Several barren witticisms, attributed to Curran, having, about this time, found their way into newspapers, and even into jest-books, he most vehemently disclaimed the greater part of them. To some (it was his phrase) he pleaded guilty ; and repeated a few of them, pointing out, with great accuracy, the names of persons, as well as the occasions, that called them forth. He also gave us some entertaining sketches of Lord Avonmore, Chief Justice of Ireland (Yelverton), the earliest friend of his youth, and companion of his studies.
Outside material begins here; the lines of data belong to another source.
lemma has_coeff_derivative_mult:
  assumes "has_coeff_derivative P Q s0" and "has_coeff_derivative R S s0"
  shows "has_coeff_derivative (\<lambda>s. P s * R s) (Q * R s0 + P s0 * S) s0"
proof -
  obtain N M where "\<And>s. deg_below (P s) N" "\<And>s. deg_below (R s) M"
    using assms unfolding has_coeff_derivative_def by blast
  then have "deg_below (P s * R s) (N + M)" for s
    by (rule deg_below_mult)
  moreover have "((\<lambda>s. coeff (P s * R s) i) has_real_derivative coeff (Q * R s0 + P s0 * S) i) (at s0)" for i
    using assms unfolding has_coeff_derivative_def coeff_mult coeff_add sum.distrib[symmetric]
    by (auto intro!: derivative_eq_intros simp: mult.commute)
  ultimately show ?thesis
    unfolding has_coeff_derivative_def by blast
qed

lemma has_coeff_derivative_coeff_const:
  assumes "has_coeff_derivative P Q s0" and "\<And>s. coeff (P s) i = c"
  shows "coeff Q i = 0"
proof -
  have "(\<lambda>s. coeff (P s) i) = (\<lambda>s. c)"
    using assms(2) by simp
  then have "((\<lambda>s. c) has_real_derivative coeff Q i) (at s0)"
    using assms(1) unfolding has_coeff_derivative_def by metis
  then show ?thesis
    using DERIV_const DERIV_unique by blast
qed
Lord Avonmore was subject to perpetual fits of absence, and was frequently insensible to the conversation that was going on. He was once wrapped in one of his wonted reveries; and, not hearing one syllable of what was passing, (it was at a large professional dinner given by Mr. Bushe), Curran, who was sitting next to his Lordship, having been called on for a toast, gave "All our absent friends," patting, at the same time, Lord Avonmore on the shoulder, and tell

ing him that they had just drank his health. Quite unconscious of any thing that had been said for the last hour, and taking the intimation as a serious one, Avonmore rose, and apologizing for his inattention, returned thanks to the company for the honour they had done him by drinking his health.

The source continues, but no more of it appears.